(* Let $\lambda>0$, $\gamma>2$, $c>0$ and $\rho>0$ be fixed, and let $W_e>0$. Define $$g(r)=r^{-\gamma-2}\Big(\gamma^2+\frac{4W_e}{c^2}r^2\Big),\qquad Z(s)=\int_0^\infty\big[1-e^{-s g(r)}\big]r\,dr,\qquad \mathrm{CRB}_{\mathrm{LB}}=\frac{4}{\rho}\int_0^\infty e^{-2\pi\lambda Z(s)}\,ds,$$ and $$\mathrm{CRB}_{\mathrm{LB,N}}=\frac{4}{\rho\gamma^2}\Big(\pi\lambda\,\Gamma\Big(\frac{\gamma}{\gamma+2}\Big)\Big)^{-\gamma/2-1}\Gamma\Big(2+\frac{\gamma}{2}\Big).$$ Then $$|\mathrm{CRB}_{\mathrm{LB,N}}-\mathrm{CRB}_{\mathrm{LB}}|=O(W_e),$$ i.e. it is bounded by a constant (independent of $W_e$) times $W_e$. Hence $\mathrm{CRB}_{\mathrm{LB}}$ converges to $\mathrm{CRB}_{\mathrm{LB,N}}$ as $W_e\to 0$.
   Context: Here $\lambda$ is the sensor density of a homogeneous Poisson point process of sensors, $\gamma$ is the path-loss exponent, $c$ is the speed of light, $\rho$ is a signal-to-noise ratio constant, and $W_e$ is the effective bandwidth of the transmitted signal. $\Gamma$ denotes the Gamma function. *)

theory Defs
  imports "HOL-Analysis.Analysis"
begin

definition gfun :: "real \<Rightarrow> real \<Rightarrow> real \<Rightarrow> real \<Rightarrow> real" where
  "gfun \<gamma> c We r = r powr (-\<gamma> - 2) * (\<gamma>\<^sup>2 + 4 * We / c\<^sup>2 * r\<^sup>2)"
lemma rescaled_term_estimate:
  fixes w z v Z C B :: real
  assumes w: "0 < w" "w \<le> 1" and z: "0 < z" "z \<le> Z" and v: "v = w^(2*p - n) * z"
    and C: "C \<ge> 0" and B: "B \<ge> 0"
    and near_n: "\<bar>\<Lambda> n v - v * lam\<bar> \<le> C * v^2"
    and near_2p: "\<bar>\<Lambda> (2*p) v - \<mu>\<bar> \<le> C * v"
    and near_k: "\<And>k. k < 2*p \<Longrightarrow> \<bar>\<Lambda> k v\<bar> \<le> C * v"
    and bounded: "\<And>k. k \<le> N \<Longrightarrow> \<bar>\<Lambda> k v\<bar> \<le> B"
    and k: "k \<in> {n..N}"
  shows "\<bar>w^k * \<Lambda> k v - (if k = n then w^(2*p) * lam * z else 0)
      - (if k = 2*p then w^(2*p) * \<mu> else 0)\<bar> \<le> (C * Z^2 + C * Z + B) * w^(2*p+1)"
    (is "\<bar>?err\<bar> \<le> _")
proof -
  define m where "m = 2*p - n"
  have m: "m \<ge> 1" "n + m = 2*p" using Sigma1 by (auto simp: m_def)
  have vm: "v = w^m * z" by (simp add: v m_def)
  have wsplit: "w^(2*p) = w^n * w^m" by (simp add: m(2)[symmetric] power_add)
  have small: "Y * w^j \<le> (C * Z^2 + C * Z + B) * w^(2*p+1)"
    if "0 \<le> Y" "Y \<le> C * Z^2 + C * Z + B" "2*p + 1 \<le> j" for Y j
    using that w by (intro mult_mono power_decreasing) auto
  have CZ: "C * z \<le> C * Z" "C * z^2 \<le> C * Z^2" "0 \<le> C * Z" "0 \<le> C * Z^2"
    using C z by (auto intro!: mult_left_mono power_mono)
  consider "k = n" | "n < k" "k < 2*p" | "k = 2*p" | "2*p < k" using k Sigma1 by force
  then show ?thesis
  proof cases
    case 1
    have "w^(2*p) * lam * z = w^n * (v * lam)" unfolding wsplit vm by (simp add: mult_ac)
    then have "?err = w^n * (\<Lambda> n v - v * lam)" using 1 Sigma1 by (simp add: right_diff_distrib)
    then have "\<bar>?err\<bar> = w^n * \<bar>\<Lambda> n v - v * lam\<bar>" using w by (simp add: abs_mult)
    also have "\<dots> \<le> w^n * (C * v^2)" using near_n w by (intro mult_left_mono) auto
    also have "\<dots> = C * z^2 * w^(2*p + m)"
      unfolding power_add wsplit vm by (simp add: power2_eq_square mult_ac)
    finally show ?thesis using small[of "C * z^2" "2*p + m"] CZ B C m by force
  next
    case 2
    have "\<bar>?err\<bar> = w^k * \<bar>\<Lambda> k v\<bar>" using 2 w by (simp add: abs_mult)
    also have "\<dots> \<le> w^k * (C * v)" using near_k[OF 2(2)] w by (intro mult_left_mono) auto
    also have "\<dots> = C * z * w^(k + m)" by (simp add: vm power_add algebra_simps)
    finally show ?thesis using small[of "C * z" "k + m"] 2 CZ B C z m by force
  next
    case 3
    have "\<bar>?err\<bar> = w^(2*p) * \<bar>\<Lambda> (2*p) v - \<mu>\<bar>"
      using 3 Sigma1 w by (simp add: right_diff_distrib[symmetric] abs_mult)
    also have "\<dots> \<le> w^(2*p) * (C * v)" using near_2p w by (intro mult_left_mono) auto
    also have "\<dots> = C * z * w^(2*p + m)" by (simp add: vm power_add algebra_simps)
    finally show ?thesis using small[of "C * z" "2*p + m"] CZ B C z m by force
  next
    case 4
    have "\<bar>?err\<bar> = \<bar>\<Lambda> k v\<bar> * w^k" using 4 Sigma1 w by (simp add: abs_mult)
    also have "\<dots> \<le> B * w^k" using bounded[of k] k w by (intro mult_right_mono) auto
    finally show ?thesis using small[of B k] 4 CZ B by force
  qed
qed
lemma integral_phi_Z_sq:
  assumes "\<bar>s\<bar> < \<delta>" "s \<noteq> 0"
  shows "integral {0..1} (\<lambda>x. phi x * Z s x ^ 2) = 2 * J s + s * W s"
proof -
  have "((\<lambda>x. Z s x - phi x) has_integral 0 - 0) {0..1}"
    using has_integral_continuous[OF continuous_on_Z[OF assms(1)], of 0 1]
    by (intro has_integral_diff has_integral_phi_powers) (simp add: integral_Z[OF assms])
  then have z: "(z s has_integral 0) {0..1}"
    by (simp add: Z_def)
  have "((\<lambda>x. phi x ^ 3 + 2 * z s x + 2 * (psi x * z s x) + s * (phi x * z s x ^ 2 / s))
      has_integral 0 + 2 * 0 + 2 * J s + s * W s) {0..1}"
    unfolding J_def W_def
    by (intro has_integral_add has_integral_mult_right has_integral_phi_powers z has_integral_continuous
        continuous_intros continuous_on_phi continuous_on_psi continuous_on_z[OF assms(1)])
      (use assms(2) in simp)
  moreover have "phi x ^ 3 + 2 * z s x + 2 * (psi x * z s x) + s * (phi x * z s x ^ 2 / s) = phi x * Z s x ^ 2" for x
    using assms(2) by (simp add: psi_eq Z_def algebra_simps power3_eq_cube power2_eq_square)
  ultimately show ?thesis
    by (simp add: integral_unique)
qed

lemma M_expansion:
  assumes "\<bar>s\<bar> < \<delta>" "s \<noteq> 0"
  shows "M s = 1 + s\<^sup>2 * taylor_moment (\<lambda>_. 1) 2 s"
  using integral_exp_taylor[of 0 1 "\<lambda>_. 1" "Z s" s 2] continuous_on_Z[OF assms(1)] assms(2)
  by (simp add: M_def taylor_moment_def integral_Z[OF assms] lessThan_nat_numeral)

lemma psi_exp_expansion:
  assumes "\<bar>s\<bar> < \<delta>" "s \<noteq> 0"
  shows "integral {0..1} (\<lambda>x. psi x * exp (s * Z s x)) = s * J s + s\<^sup>2 * taylor_moment psi 2 s"
  using integral_exp_taylor[of 0 1 psi "Z s" s 2] continuous_on_Z[OF assms(1)] continuous_on_psi assms(2)
  by (simp add: taylor_moment_def integral_psi_Z[OF assms(1)] integral_unique[OF has_integral_psi]
      lessThan_nat_numeral)

lemma phi_exp_expansion:
  assumes "\<bar>s\<bar> < \<delta>" "s \<noteq> 0"
  shows "integral {0..1} (\<lambda>x. phi x * exp (s * Z s x))
       = s * A s + s\<^sup>2 * J s + s ^ 3 / 2 * W s + s ^ 3 * taylor_moment phi 3 s"
  using integral_exp_taylor[of 0 1 phi "Z s" s 3] continuous_on_Z[OF assms(1)] continuous_on_phi assms(2)
    power3_eq_cube[of s] power2_eq_square[of s]
  by (simp add: taylor_moment_def A_def integral_phi_Z_sq[OF assms] integral_unique[OF has_integral_phi_powers(1)]
      lessThan_nat_numeral algebra_simps)

lemma Z_tendsto:
  assumes "x \<in> {0..1}"
  shows "((\<lambda>s. Z s x) \<longlongrightarrow> phi x) (at 0)"
proof -
  obtain C where C: "\<forall>\<^sub>F s in at 0. s \<noteq> 0 \<and> \<bar>s\<bar> < \<delta> \<and> \<bar>s\<bar> \<le> 1 \<and> (\<forall>x\<in>{0..1}. \<bar>z s x\<bar> \<le> C * \<bar>s\<bar>)"
    using eventually_z_small by blast
  have "((\<lambda>s. z s x) \<longlongrightarrow> 0) (at 0)"
  proof (rule Lim_null_comparison)
    show "\<forall>\<^sub>F s in at 0. norm (z s x) \<le> C * \<bar>s\<bar>"
      using C by eventually_elim (use assms in auto)
    show "((\<lambda>s. C * \<bar>s\<bar>) \<longlongrightarrow> 0) (at 0)"
      by (auto intro!: tendsto_eq_intros)
  qed
  then show ?thesis
    unfolding Z_def using tendsto_add[OF tendsto_const] by fastforce
qed

lemma eventually_Z_bounded:
  obtains B where "\<forall>\<^sub>F s in at 0. s \<noteq> 0 \<and> \<bar>s\<bar> < \<delta> \<and> \<bar>s\<bar> \<le> 1 \<and> (\<forall>x\<in>{0..1}. \<bar>Z s x\<bar> \<le> B)"
proof -
  obtain C where "C \<ge> 0"
    and C: "\<forall>\<^sub>F s in at 0. s \<noteq> 0 \<and> \<bar>s\<bar> < \<delta> \<and> \<bar>s\<bar> \<le> 1 \<and> (\<forall>x\<in>{0..1}. \<bar>z s x\<bar> \<le> C * \<bar>s\<bar>)"
    using eventually_z_small by blast
  have "\<forall>\<^sub>F s in at 0. s \<noteq> 0 \<and> \<bar>s\<bar> < \<delta> \<and> \<bar>s\<bar> \<le> 1 \<and> (\<forall>x\<in>{0..1}. \<bar>Z s x\<bar> \<le> sqrt 2 + C)"
    using C
  proof eventually_elim
    case (elim s)
    have "\<bar>Z s x\<bar> \<le> sqrt 2 + C" if "x \<in> {0..1}" for x
    proof -
      have "\<bar>z s x\<bar> \<le> C"
        using elim that \<open>C \<ge> 0\<close> by (meson mult_left_le order_trans abs_ge_zero)
      then show ?thesis
        using abs_phi_le[of x] abs_triangle_ineq[of "phi x" "z s x"] by (simp add: Z_def)
    qed
    then show ?case using elim by blast
  qed
  then show ?thesis using that by blast
qed

lemma tendsto_taylor_moment:
  assumes g: "continuous_on {0..1} g"
  shows "(taylor_moment g k \<longlongrightarrow> integral {0..1} (\<lambda>x. g x * (phi x ^ k / fact k))) (at 0)"
proof -
  obtain B where Z_bound: "\<forall>\<^sub>F s in at 0. s \<noteq> 0 \<and> \<bar>s\<bar> < \<delta> \<and> \<bar>s\<bar> \<le> 1 \<and> (\<forall>x\<in>{0..1}. \<bar>Z s x\<bar> \<le> B)"
    using eventually_Z_bounded by blast
  obtain G where G: "\<And>x. x \<in> {0..1} \<Longrightarrow> \<bar>g x\<bar> \<le> G"
    using compact_imp_bounded[OF compact_continuous_image[OF g compact_Icc]]
    by (fastforce simp: bounded_iff)
  define Q where "Q = exp (1 * B) * B ^ k / fact k"
  show ?thesis
    unfolding taylor_moment_def
  proof (rule integral_tendsto_dominated_at[where h = "\<lambda>_. G * Q"])
    show "\<forall>\<^sub>F s in at 0. (\<lambda>x. g x * exp_taylor_quot k s (Z s x)) integrable_on {0..1}
        \<and> (\<forall>x\<in>{0..1}. norm (g x * exp_taylor_quot k s (Z s x)) \<le> G * Q)"
      using Z_bound
    proof eventually_elim
      case (elim s)
      have "(\<lambda>x. g x * exp_taylor_quot k s (Z s x)) integrable_on {0..1}"
        using elim by (intro integrable_continuous_real continuous_intros g continuous_on_exp_taylor_quot
            continuous_on_Z) auto
      moreover have "\<bar>g x * exp_taylor_quot k s (Z s x)\<bar> \<le> G * Q" if "x \<in> {0..1}" for x
        unfolding abs_mult Q_def using elim that G[OF that]
        by (intro mult_mono exp_taylor_quot_bound) auto
      ultimately show ?case by simp
    qed
    show "(\<lambda>_::real. G * Q) integrable_on {0..1}"
      by (rule integrable_const_ivl)
    show "((\<lambda>s. g x * exp_taylor_quot k s (Z s x)) \<longlongrightarrow> g x * (phi x ^ k / fact k)) (at 0)"
      if "x \<in> {0..1}" for x
      using Z_bound that
      by (intro tendsto_mult tendsto_const tendsto_exp_taylor_quot[where B = B] Z_tendsto)
        (auto elim: eventually_mono)
  qed
qed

* **What the exercise asks**:
Collect every line from the records above that contains the word "symmetric".

* **Result of this task**:
  have wsplit: "w^(2*p) = w^n * w^m" by (simp add: m(2)[symmetric] power_add)
      using 3 Sigma1 w by (simp add: right_diff_distrib[symmetric] abs_mult)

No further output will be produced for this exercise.